**Requirement**
Everything from the first line below through the line with "- l)) \<longlongrightarrow>" is to be transcribed exactly, and nothing past it.

─── Supplied entries

lemma no_hyp_fixed_tangent_to:
  assumes "no_hyp_fixed G"
  shows "no_hyp_fixed (tangent_to G)"
  unfolding no_hyp_fixed_def
proof (intro ballI impI)
  fix f x assume f: "f \<in> tangent_to G" and x: "x \<in> {0..1}" and fx: "f x = x"
  obtain g d where g: "g \<in> G" "g x = f x" "(f has_real_derivative d) (at x within {0..1})"
      "(g has_real_derivative d) (at x within {0..1})"
    using f x unfolding tangent_to_def by blast
  have "(g has_real_derivative 1) (at x within {0..1})"
    using assms g(1,2) fx x unfolding no_hyp_fixed_def by auto
  then have "d = 1" using has_real_derivative_unique_Icc[OF _ x g(4)] by simp
  then show "(f has_real_derivative 1) (at x within {0..1})" using g(3) by simp
qed

lemma tendsto_pointwise_choice:
  fixes k f1 f2 :: "'a \<Rightarrow> 'b::real_normed_vector"
  assumes "(f1 \<longlongrightarrow> l) F" "(f2 \<longlongrightarrow> l) F" "\<forall>\<^sub>F y in F. k y = f1 y \<or> k y = f2 y"
  shows "(k \<longlongrightarrow> l) F"
proof -
  have "\<forall>\<^sub>F y in F. norm (k y - l) \<le> norm (f1 y - l) + norm (f2 y - l)"
    using assms(3) by eventually_elim (metis add_increasing add_increasing2 norm_ge_zero order_refl)
  moreover have "((\<lambda>y. norm (f1 y - l) + norm (f2 y - l)) \<longlongrightarrow> 0) F"
    using tendsto_norm_zero[OF LIM_zero[OF assms(1)]] tendsto_norm_zero[OF LIM_zero[OF assms(2)]]
    by (rule tendsto_add_zero)
  ultimately have "((\<lambda>y. k y - l) \<longlongrightarrow> 0) F"
    by (rule Lim_null_comparison)
  then show ?thesis by (simp add: LIM_zero_iff)
qed

lemma has_real_derivative_pointwise_choice:
  assumes "(f1 has_real_derivative D) (at x within S)" "(f2 has_real_derivative D) (at x within S)"
    and "f1 x = f2 x" and "\<And>y. k y = f1 y \<or> k y = f2 y"
  shows "(k has_real_derivative D) (at x within S)"
proof -
  have "k x = f1 x" using assms(3) assms(4)[of x] by auto
  then have "(k y - k x) / (y - x) = (f1 y - f1 x) / (y - x)
      \<or> (k y - k x) / (y - x) = (f2 y - f2 x) / (y - x)" for y
    using assms(3) assms(4)[of y] by auto
  then have "\<forall>\<^sub>F y in at x within S. (k y - k x) / (y - x) = (f1 y - f1 x) / (y - x)
      \<or> (k y - k x) / (y - x) = (f2 y - f2 x) / (y - x)"
    by (intro always_eventually allI)
  with assms(1,2) show ?thesis
    unfolding has_field_derivative_iff by (rule tendsto_pointwise_choice)
qed

lemma has_field_derivative_transform_eventually:
  assumes "(f has_field_derivative D) (at x within S)"
    and "\<forall>\<^sub>F y in at x within S. f y = g y" and "f x = g x" and "x \<in> S"
  shows "(g has_field_derivative D) (at x within S)"
  using assms unfolding has_field_derivative_def by (rule has_derivative_transform_eventually)

lemma induced_by_cases:
  assumes "induced_by h g"
  shows "h y = y \<or> h y = g y"
  using assms Homeo01D(4) unfolding induced_by_def by (cases "y \<in> {0..1}") auto

lemma induced_by_locally_constant_choice:
  assumes ind: "induced_by h g" and g: "g \<in> Homeo01" and x: "x \<in> {0..1}" and gx: "g x \<noteq> x"
  shows "\<forall>\<^sub>F y in at x within {0..1}. (h y = y \<longleftrightarrow> h x = x) \<and> g y \<noteq> y"
proof -
  define e where "e = \<bar>g x - x\<bar> / 2"
  have "e > 0" using gx by (simp add: e_def)
  have "((\<lambda>y. h y - y) \<longlongrightarrow> h x - x) (at x within {0..1})"
       "((\<lambda>y. g y - y) \<longlongrightarrow> g x - x) (at x within {0..1})"
    using ind g x by (auto intro!: tendsto_diff simp: induced_by_def Homeo01_def
        continuous_on_eq_continuous_within continuous_within)
  then have "\<forall>\<^sub>F y in at x within {0..1}. dist (h y - y) (h x - x) < e \<and> dist (g y - y) (g x - x) < e"
    using \<open>e > 0\<close> by (auto intro: eventually_conj tendstoD)
  then show ?thesis
  proof eventually_elim
    case (elim y)
    then show ?case
      using induced_by_cases[OF ind, of x] induced_by_cases[OF ind, of y]
      by (auto simp: e_def dist_real_def abs_if split: if_splits)
  qed
qed

lemma induced_by_has_derivative:
  assumes ind: "induced_by h g" and g: "g \<in> Homeo01"
    and g': "\<And>x. x \<in> {0..1} \<Longrightarrow> (g has_real_derivative g' x) (at x within {0..1})"
    and fix1: "\<And>x. x \<in> {0..1} \<Longrightarrow> g x = x \<Longrightarrow> g' x = 1" and x: "x \<in> {0..1}"
  shows "(h has_real_derivative (if h x = x then 1 else g' x)) (at x within {0..1})"
proof (cases "g x = x")
  case True
  then have "h x = x" using induced_by_cases[OF ind, of x] by auto
  moreover have "(h has_real_derivative 1) (at x within {0..1})"
  proof (rule has_real_derivative_pointwise_choice[OF DERIV_ident])
    show "(g has_real_derivative 1) (at x within {0..1})"
      using g'[OF x] fix1[OF x True] by simp
    show "x = g x" using True by simp
    show "h y = y \<or> h y = g y" for y using induced_by_cases[OF ind] .
  qed
  ultimately show ?thesis by simp
next
  case False
  have "((\<lambda>y. if h x = x then y else g y) has_real_derivative (if h x = x then 1 else g' x))
      (at x within {0..1})"
    using g'[OF x] by (simp add: DERIV_ident)
  moreover have "\<forall>\<^sub>F y in at x within {0..1}. (if h x = x then y else g y) = h y"
    using induced_by_locally_constant_choice[OF ind g x False]
  proof eventually_elim
    case (elim y)
    then show ?case using induced_by_cases[OF ind, of y] by auto
  qed
  moreover have "(if h x = x then x else g x) = h x"
    using induced_by_cases[OF ind, of x] by auto
  ultimately show ?thesis
    by (rule has_field_derivative_transform_eventually[OF _ _ _ x])
qed

lemma induced_by_derivative_continuous:
  fixes g' :: "real \<Rightarrow> real"
  assumes ind: "induced_by h g" and g: "g \<in> Homeo01" and g'_cont: "continuous_on {0..1} g'"
    and fix1: "\<And>x. x \<in> {0..1} \<Longrightarrow> g x = x \<Longrightarrow> g' x = 1" and x: "x \<in> {0..1}"
  shows "continuous (at x within {0..1}) (\<lambda>y. if h y = y then 1 else g' y)"
proof -
  have g'_lim: "(g' \<longlongrightarrow> g' x) (at x within {0..1})"
    using g'_cont x by (simp add: continuous_on_eq_continuous_within continuous_within)
  show ?thesis
    unfolding continuous_within
  proof (cases "g x = x")
    case True
    then have "h x = x" using induced_by_cases[OF ind, of x] by auto
    moreover have "((\<lambda>y. if h y = y then 1 else g' y) \<longlongrightarrow> 1) (at x within {0..1})"
    proof (rule tendsto_pointwise_choice[OF tendsto_const])
      show "(g' \<longlongrightarrow> 1) (at x within {0..1})" using g'_lim fix1[OF x True] by simp
    qed (auto intro: always_eventually)
    ultimately show "((\<lambda>y. if h y = y then 1 else g' y) \<longlongrightarrow> (if h x = x then 1 else g' x))
        (at x within {0..1})"
      by simp
  next
    case False
    have "((\<lambda>y. if h x = x then 1 else g' y) \<longlongrightarrow> (if h x = x then 1 else g' x)) (at x within {0..1})"
      using g'_lim by simp
    moreover have "\<forall>\<^sub>F y in at x within {0..1}.
        (if h x = x then 1 else g' y) = (if h y = y then 1 else g' y)"
      using induced_by_locally_constant_choice[OF ind g x False] by eventually_elim auto
    ultimately show "((\<lambda>y. if h y = y then 1 else g' y) \<longlongrightarrow> (if h x = x then 1 else g' x))
        (at x within {0..1})"
      by (rule Lim_transform_eventually)
  qed
qed

lemma induced_by_tangent_to:
  assumes G: "is_group G" and "G \<subseteq> Diff1" and NH: "no_hyp_fixed G"
    and gG: "g \<in> G" and ind: "induced_by h g"
  shows "h \<in> tangent_to G"
proof -
  obtain g' where g: "g \<in> Homeo01" "continuous_on {0..1} g'"
    "\<And>x. x \<in> {0..1} \<Longrightarrow> (g has_real_derivative g' x) (at x within {0..1})"
    "\<And>x. x \<in> {0..1} \<Longrightarrow> g' x > 0"
    using Diff1E[of g] assms(2) gG by blast
  have fix1: "g' x = 1" if "x \<in> {0..1}" "g x = x" for x
    using NH gG that has_real_derivative_unique_Icc[OF _ _ g(3)] unfolding no_hyp_fixed_def by force
  define h' where "h' y = (if h y = y then 1 else g' y)" for y
  have h': "(h has_real_derivative h' x) (at x within {0..1})" if "x \<in> {0..1}" for x
    unfolding h'_def using induced_by_has_derivative[OF ind g(1) g(3) fix1 that] .
  have "h \<in> Diff1"
  proof (rule Diff1I[OF _ _ h'])
    show "h \<in> Homeo01" using ind by (simp add: induced_by_def)
    show "continuous_on {0..1} h'"
      unfolding h'_def continuous_on_eq_continuous_within
      using induced_by_derivative_continuous[OF ind g(1,2) fix1] by blast
    show "h' x > 0" if "x \<in> {0..1}" for x using g(4)[OF that] by (simp add: h'_def)
  qed
  moreover have "\<exists>k\<in>G. \<exists>d. k x = h x \<and> (h has_real_derivative d) (at x within {0..1})
      \<and> (k has_real_derivative d) (at x within {0..1})" if x: "x \<in> {0..1}" for x
  proof (cases "h x = x")
    case True
    have "id \<in> G" using G by (simp add: is_group_def)
    with True show ?thesis
      using h'[OF x] by (intro bexI[of _ id]) (auto simp: h'_def id_def DERIV_ident)
  next
    case False
    then show ?thesis
      using h'[OF x] g(3)[OF x] gG induced_by_cases[OF ind, of x] by (auto simp: h'_def)
  qed
  ultimately show ?thesis by (simp add: tangent_to_def)
qed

──────

**Task output**
lemma no_hyp_fixed_tangent_to:
  assumes "no_hyp_fixed G"
  shows "no_hyp_fixed (tangent_to G)"
  unfolding no_hyp_fixed_def
proof (intro ballI impI)
  fix f x assume f: "f \<in> tangent_to G" and x: "x \<in> {0..1}" and fx: "f x = x"
  obtain g d where g: "g \<in> G" "g x = f x" "(f has_real_derivative d) (at x within {0..1})"
      "(g has_real_derivative d) (at x within {0..1})"
    using f x unfolding tangent_to_def by blast
  have "(g has_real_derivative 1) (at x within {0..1})"
    using assms g(1,2) fx x unfolding no_hyp_fixed_def by auto
  then have "d = 1" using has_real_derivative_unique_Icc[OF _ x g(4)] by simp
  then show "(f has_real_derivative 1) (at x within {0..1})" using g(3) by simp
qed

lemma tendsto_pointwise_choice:
  fixes k f1 f2 :: "'a \<Rightarrow> 'b::real_normed_vector"
  assumes "(f1 \<longlongrightarrow> l) F" "(f2 \<longlongrightarrow> l) F" "\<forall>\<^sub>F y in F. k y = f1 y \<or> k y = f2 y"
  shows "(k \<longlongrightarrow> l) F"
proof -
  have "\<forall>\<^sub>F y in F. norm (k y - l) \<le> norm (f1 y - l) + norm (f2 y - l)"
    using assms(3) by eventually_elim (metis add_increasing add_increasing2 norm_ge_zero order_refl)
  moreover have "((\<lambda>y. norm (f1 y - l) + norm (f2 y - l)) \<longlongrightarrow> 0) F"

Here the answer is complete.